Bluetooth Human Interface Devices shall meet the
following requirements of the Bluetooth Specification. In addition to the
requirements listed below, all devices claiming conformance to this
profile shall meet the requirements of the Generic Access Profile
specification.
Bluetooth Interface Devices are providers of a
service to a host, that service being to provide input from a human to an
application program running on the host. Multiple HIDs are typically
connected to a single host; for example, a mouse, a keyboard, and a
joystick. For this reason, Bluetooth HIDs should normally be implemented
as slaves in the Bluetooth link protocol. If HIDs were masters, each
additional HID master using the host radio as its slave would create an
additional piconet (by definition), with corresponding reductions in
bandwidth efficiency due to inter-piconet packet collisions and timing
uncertainties at the host radio.
Human interface devices shall be implemented as limited
discoverable devices. HIDs are normally associated with a single host or a
fixed number of hosts that are used with and bonded with a particular HID.
For reasons of security, a Bluetooth HID device should not allow its
address to be discovered at all times by any unknown or unauthorized (and
possibly untrustworthy) Bluetooth device.
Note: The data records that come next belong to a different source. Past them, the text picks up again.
(* Let $d,K\ge 2$ be integers and let $a^\dagger\in\{1,\dots,K\}$ be a distinguished arm. For each arm $a$, let $\hat\theta_a\in\mathbb{R}^d$, let $\widetilde V_{a}\in\mathbb{R}^{d\times d}$ be symmetric positive definite, let $\beta_a>0$, and define the ellipsoid $$\widetilde{\mathcal C}_{a}=\{\theta\in\mathbb{R}^d:\ \|\theta-\hat\theta_a\|_{\widetilde V_a}\le \beta_a\}.$$ Fix $x^\dagger\in\mathbb{R}^d$ and $\xi>0$. Consider the optimization problem $$\min_{y\in\mathbb{R}^d}\ \|y\|_2\quad\text{s.t.}\quad \max_{\theta\in\widetilde{\mathcal C}_{a}}\langle x^\dagger+y,\theta\rangle+\xi\le \max_{\theta\in\widetilde{\mathcal C}_{a^\dagger}}\langle x^\dagger+y,\theta\rangle\ \text{ for all } a\neq a^\dagger .$$ Then this problem is feasible (i.e. some $y\in\mathbb{R}^d$ satisfies the constraints) if and only if $$\exists\,\theta\in\widetilde{\mathcal C}_{a^\dagger}\ \text{ such that }\ \theta\notin\mathrm{Conv}\Big(\bigcup_{a\neq a^\dagger}\widetilde{\mathcal C}_{a}\Big).$$
   Context: $\|x\|_V=\sqrt{x^\top V x}$ for a positive definite matrix $V$; $\mathrm{Conv}$ denotes the convex hull. In the paper these ellipsoids are the confidence sets maintained by the LinUCB algorithm at a given time $t$ (with $\hat\theta_a$ the regularized least-squares estimate, $\widetilde V_a$ the design matrix built from the contexts the algorithm actually observed, and $\beta_a$ the confidence width), and the problem is the attacker's problem of finding the smallest perturbation $y$ of a target user's context $x^\dagger$ making arm $a^\dagger$ have the highest upper confidence bound by a margin $\xi$. *)

theory Defs
  imports "HOL-Analysis.Analysis"
begin

definition Vnorm :: "real^'d^'d \<Rightarrow> real^'d \<Rightarrow> real" where
  "Vnorm V x = sqrt (x \<bullet> (V *v x))"

definition pos_def_mat :: "real^'d^'d \<Rightarrow> bool" where
  "pos_def_mat V \<longleftrightarrow> transpose V = V \<and> (\<forall>x. x \<noteq> 0 \<longrightarrow> x \<bullet> (V *v x) > 0)"

definition ellipsoid :: "real^'d \<Rightarrow> real^'d^'d \<Rightarrow> real \<Rightarrow> (real^'d) set" where
  "ellipsoid th V b = {\<theta>. Vnorm V (\<theta> - th) \<le> b}"

end

theory Submission
  imports Defs
begin

text \<open>Both directions are about support functions of compact sets. If in direction z the
support value of every other arm's ellipsoid is at least \<xi> below that of the target ellipsoid,
a point of the target ellipsoid nearly attaining its support value lies strictly beyond a
half-space containing the union, hence outside its convex hull. Conversely the convex hull of
finitely many compact sets is compact, so a point outside it is strictly separated by a
hyperplane, and scaling the normal makes the gap as large as \<xi>. Translating by the context
turns directions z into perturbations y.\<close>

lemma pos_def_mat_quadratic_form_lower_bound:
  fixes V :: "real^'d^'d"
  assumes "pos_def_mat V"
  obtains m where "m > 0" "\<And>x. m * (norm x)\<^sup>2 \<le> x \<bullet> (V *v x)"
proof -
  have "sphere (0::real^'d) 1 \<noteq> {}" by (simp add: sphere_eq_empty)
  moreover have "continuous_on (sphere (0::real^'d) 1) (\<lambda>x. x \<bullet> (V *v x))"
    by (intro continuous_intros)
  ultimately obtain u where u: "u \<in> sphere 0 1"
    and u_min: "\<And>w. w \<in> sphere 0 1 \<Longrightarrow> u \<bullet> (V *v u) \<le> w \<bullet> (V *v w)"
    using continuous_attains_inf[OF compact_sphere] by blast
  have "u \<noteq> 0" using u by auto
  then have "u \<bullet> (V *v u) > 0"
    using assms unfolding pos_def_mat_def by blast
  moreover have "u \<bullet> (V *v u) * (norm x)\<^sup>2 \<le> x \<bullet> (V *v x)" for x :: "real^'d"
  proof (cases "x = 0")
    case False
    define w where "w = (1 / norm x) *\<^sub>R x"
    have "x = norm x *\<^sub>R w" using False by (simp add: w_def)
    then have "x \<bullet> (V *v x) = (norm x)\<^sup>2 * (w \<bullet> (V *v w))"
      by (metis inner_scaleR_left inner_scaleR_right matrix_vector_mult_scaleR
          power2_eq_square mult.assoc)
    moreover have "u \<bullet> (V *v u) \<le> w \<bullet> (V *v w)"
      using False by (intro u_min) (simp add: w_def)
    ultimately show ?thesis by (simp add: mult_right_mono mult.commute[of "(norm x)\<^sup>2"])
  qed simp
  ultimately show ?thesis using that by blast
qed

lemma closed_ellipsoid:
  fixes V :: "real^'d^'d"
  shows "closed (ellipsoid th V b)"
proof -
  have "continuous_on UNIV (\<lambda>\<theta>::real^'d. V *v (\<theta> - th))"
    by (rule bounded_linear.continuous_on[OF matrix_vector_mul_bounded_linear])
      (intro continuous_intros)
  then show ?thesis
    unfolding ellipsoid_def Vnorm_def
    by (intro closed_Collect_le continuous_on_inner continuous_intros)
qed

lemma bounded_ellipsoid:
  assumes "pos_def_mat V"
  shows "bounded (ellipsoid th V b)"
proof -
  obtain m where m: "m > 0" "\<And>x. m * (norm x)\<^sup>2 \<le> x \<bullet> (V *v x)"
    using pos_def_mat_quadratic_form_lower_bound[OF assms] by blast
  have "norm (\<theta> - th) \<le> sqrt (b\<^sup>2 / m)" if "\<theta> \<in> ellipsoid th V b" for \<theta>
  proof -
    let ?x = "\<theta> - th"
    have q_nonneg: "0 \<le> ?x \<bullet> (V *v ?x)"
      using m(1) m(2)[of ?x] by (smt (verit) zero_le_mult_iff zero_le_power2)
    have "sqrt (?x \<bullet> (V *v ?x)) \<le> b"
      using that by (simp add: ellipsoid_def Vnorm_def)
    then have "?x \<bullet> (V *v ?x) \<le> b\<^sup>2"
      using q_nonneg by (metis real_sqrt_ge_zero real_sqrt_pow2 power_mono)
    then have "(norm ?x)\<^sup>2 \<le> b\<^sup>2 / m"
      using m by (simp add: field_simps) (smt (verit) mult.commute)
    then show ?thesis by (simp add: real_le_rsqrt)
  qed
  then show ?thesis
    unfolding bounded_def by (metis dist_norm norm_minus_commute)
qed

lemma compact_ellipsoid: "pos_def_mat V \<Longrightarrow> compact (ellipsoid th V b)"
  using bounded_ellipsoid closed_ellipsoid compact_eq_bounded_closed by blast

lemma ellipsoid_nonempty: "b \<ge> 0 \<Longrightarrow> ellipsoid th V b \<noteq> {}"
  by (auto simp: ellipsoid_def Vnorm_def intro!: exI[of _ th])

lemma bdd_above_inner_compact:
  fixes C :: "'a::euclidean_space set"
  shows "compact C \<Longrightarrow> bdd_above ((\<lambda>\<theta>. z \<bullet> \<theta>) ` C)"
  by (intro bounded_imp_bdd_above compact_imp_bounded compact_continuous_image continuous_intros)

lemma support_gap_imp_not_in_convex_hull:
  fixes T :: "'a::euclidean_space set" and S :: "'i \<Rightarrow> 'a set"
  assumes "compact T" "T \<noteq> {}" "\<And>a. a \<in> A \<Longrightarrow> compact (S a)" "\<xi> > 0"
    and gap: "\<And>a. a \<in> A \<Longrightarrow> (SUP \<theta>\<in>S a. z \<bullet> \<theta>) + \<xi> \<le> (SUP \<theta>\<in>T. z \<bullet> \<theta>)"
  shows "\<exists>\<theta>\<in>T. \<theta> \<notin> convex hull (\<Union>a\<in>A. S a)"
proof -
  let ?M = "SUP \<theta>\<in>T. z \<bullet> \<theta>"
  have "?M - \<xi> < ?M" using assms(4) by simp
  then obtain \<theta> where \<theta>: "\<theta> \<in> T" "?M - \<xi> < z \<bullet> \<theta>"
    using less_cSUP_iff[OF assms(2) bdd_above_inner_compact[OF assms(1)]] by blast
  have "u \<in> {u. z \<bullet> u < z \<bullet> \<theta>}" if "a \<in> A" "u \<in> S a" for a u
    using cSUP_upper[OF that(2) bdd_above_inner_compact[OF assms(3)[OF that(1)], of z]]
      gap[OF that(1)] \<theta>(2) by force
  then have "convex hull (\<Union>a\<in>A. S a) \<subseteq> {u. z \<bullet> u < z \<bullet> \<theta>}"
    by (intro hull_minimal convex_halfspace_lt) blast
  then show ?thesis using \<theta>(1) by blast
qed

lemma not_in_convex_hull_imp_support_gap:
  fixes T :: "'a::euclidean_space set" and S :: "'i \<Rightarrow> 'a set"
  assumes "compact T" "finite A" "\<And>a. a \<in> A \<Longrightarrow> compact (S a)"
    "\<And>a. a \<in> A \<Longrightarrow> S a \<noteq> {}" "\<xi> > 0"
    and \<theta>: "\<theta> \<in> T" "\<theta> \<notin> convex hull (\<Union>a\<in>A. S a)"
  shows "\<exists>z. \<forall>a\<in>A. (SUP u\<in>S a. z \<bullet> u) + \<xi> \<le> (SUP u\<in>T. z \<bullet> u)"
proof -
  have "compact (convex hull (\<Union>a\<in>A. S a))"
    using assms(2,3) by (intro compact_convex_hull compact_UN)
  then obtain c b where c: "c \<bullet> \<theta> < b" "\<And>x. x \<in> convex hull (\<Union>a\<in>A. S a) \<Longrightarrow> b < c \<bullet> x"
    using separating_hyperplane_closed_point[OF convex_convex_hull _ \<theta>(2)] compact_imp_closed
    by blast
  define t where "t = \<xi> / (b - c \<bullet> \<theta>)"
  have "t > 0" using c(1) assms(5) by (simp add: t_def)
  define z where "z = (- t) *\<^sub>R c"
  have "(SUP u\<in>S a. z \<bullet> u) + \<xi> \<le> (SUP u\<in>T. z \<bullet> u)" if a: "a \<in> A" for a
  proof -
    have "(SUP u\<in>S a. z \<bullet> u) \<le> - t * b"
    proof (rule cSUP_least)
      fix u assume "u \<in> S a"
      then have "b < c \<bullet> u" using a by (intro c(2) hull_inc) blast
      then show "z \<bullet> u \<le> - t * b" using \<open>t > 0\<close> by (simp add: z_def)
    qed (use a assms(4) in blast)
    moreover have "z \<bullet> \<theta> \<le> (SUP u\<in>T. z \<bullet> u)"
      using cSUP_upper[OF \<theta>(1) bdd_above_inner_compact[OF assms(1)]] .
    moreover have "- t * b + \<xi> = z \<bullet> \<theta>"
      using c(1) by (simp add: z_def t_def field_simps)
    ultimately show ?thesis by linarith
  qed
  then show ?thesis by blast
qed

theorem theorem1:
  fixes K :: nat and adag :: nat
    and thetahat :: "nat \<Rightarrow> real^'d"
    and V :: "nat \<Rightarrow> real^'d^'d"
    and beta :: "nat \<Rightarrow> real"
    and xdag :: "real^'d" and \<xi> :: real
  assumes "CARD('d) \<ge> 2" and "K \<ge> 2"
    and "adag \<in> {1..K}"
    and "\<And>a. a \<in> {1..K} \<Longrightarrow> pos_def_mat (V a)"
    and "\<And>a. a \<in> {1..K} \<Longrightarrow> beta a > 0"
    and "\<xi> > 0"
  shows "(\<exists>y :: real^'d. \<forall>a \<in> {1..K} - {adag}.
            (SUP \<theta>\<in>ellipsoid (thetahat a) (V a) (beta a). (xdag + y) \<bullet> \<theta>) + \<xi>
              \<le> (SUP \<theta>\<in>ellipsoid (thetahat adag) (V adag) (beta adag). (xdag + y) \<bullet> \<theta>))
     \<longleftrightarrow> (\<exists>\<theta> \<in> ellipsoid (thetahat adag) (V adag) (beta adag).
            \<theta> \<notin> convex hull (\<Union>a \<in> {1..K} - {adag}. ellipsoid (thetahat a) (V a) (beta a)))"
proof -
  define C where "C a = ellipsoid (thetahat a) (V a) (beta a)" for a
  define A where "A = {1..K} - {adag}"
  have compact: "compact (C a)" if "a \<in> {1..K}" for a
    using assms(4)[OF that] compact_ellipsoid unfolding C_def by blast
  have nonempty: "C a \<noteq> {}" if "a \<in> {1..K}" for a
    unfolding C_def by (rule ellipsoid_nonempty) (use assms(5)[OF that] in simp)
  have "(\<exists>y. \<forall>a\<in>A. (SUP \<theta>\<in>C a. (xdag + y) \<bullet> \<theta>) + \<xi> \<le> (SUP \<theta>\<in>C adag. (xdag + y) \<bullet> \<theta>))
        \<longleftrightarrow> (\<exists>z. \<forall>a\<in>A. (SUP \<theta>\<in>C a. z \<bullet> \<theta>) + \<xi> \<le> (SUP \<theta>\<in>C adag. z \<bullet> \<theta>))"
    by (metis add_minus_cancel)
  also have "\<dots> \<longleftrightarrow> (\<exists>\<theta>\<in>C adag. \<theta> \<notin> convex hull (\<Union>a\<in>A. C a))"
    using support_gap_imp_not_in_convex_hull[of "C adag" A C \<xi>]
      not_in_convex_hull_imp_support_gap[of "C adag" A C \<xi>]
      compact nonempty assms(3,6)
    unfolding A_def by blast
  finally show ?thesis unfolding A_def C_def .
qed

end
Once a HID has established a
bond with the main host that primarily uses its services, it shall not by
default allow other hosts to discover its address and attempt to make a
connection with it.
Bluetooth Human interface devices that are
implemented as slaves indicate their connectibility (whether they are in
page scan mode or not) by the state of the SDP attribute
HIDNormallyConnectable. If this attribute is True, the device shall stay
in Page Scan mode when no active connection is present. If this attribute
is false, they may shut down completely when no active connection is
present. If the host cannot contact the HID during the initialization
sequence, and if the SDP attribute HIDReconnectInitiate is set to TRUE,
HIDs are permitted to page the host and perform a master/slave switch to
restore the connection. This will help avoid creating the situation where
the host is constantly paging devices that have gone out of range
(possibly forever) and using up bandwidth in the piconet. However,
designers must be aware that it may take several seconds to re -establish
the connection, depending on the page and page scan modes used, and the
presence of any audio (SCO) connections. The resultant latency may be
annoying to the user.
The term virtual cable is used to indicate
that the HID has a 1:1 association with a particular host. It is useful to
use this term as an adjunct to the Bluetooth terms pairing and bonding.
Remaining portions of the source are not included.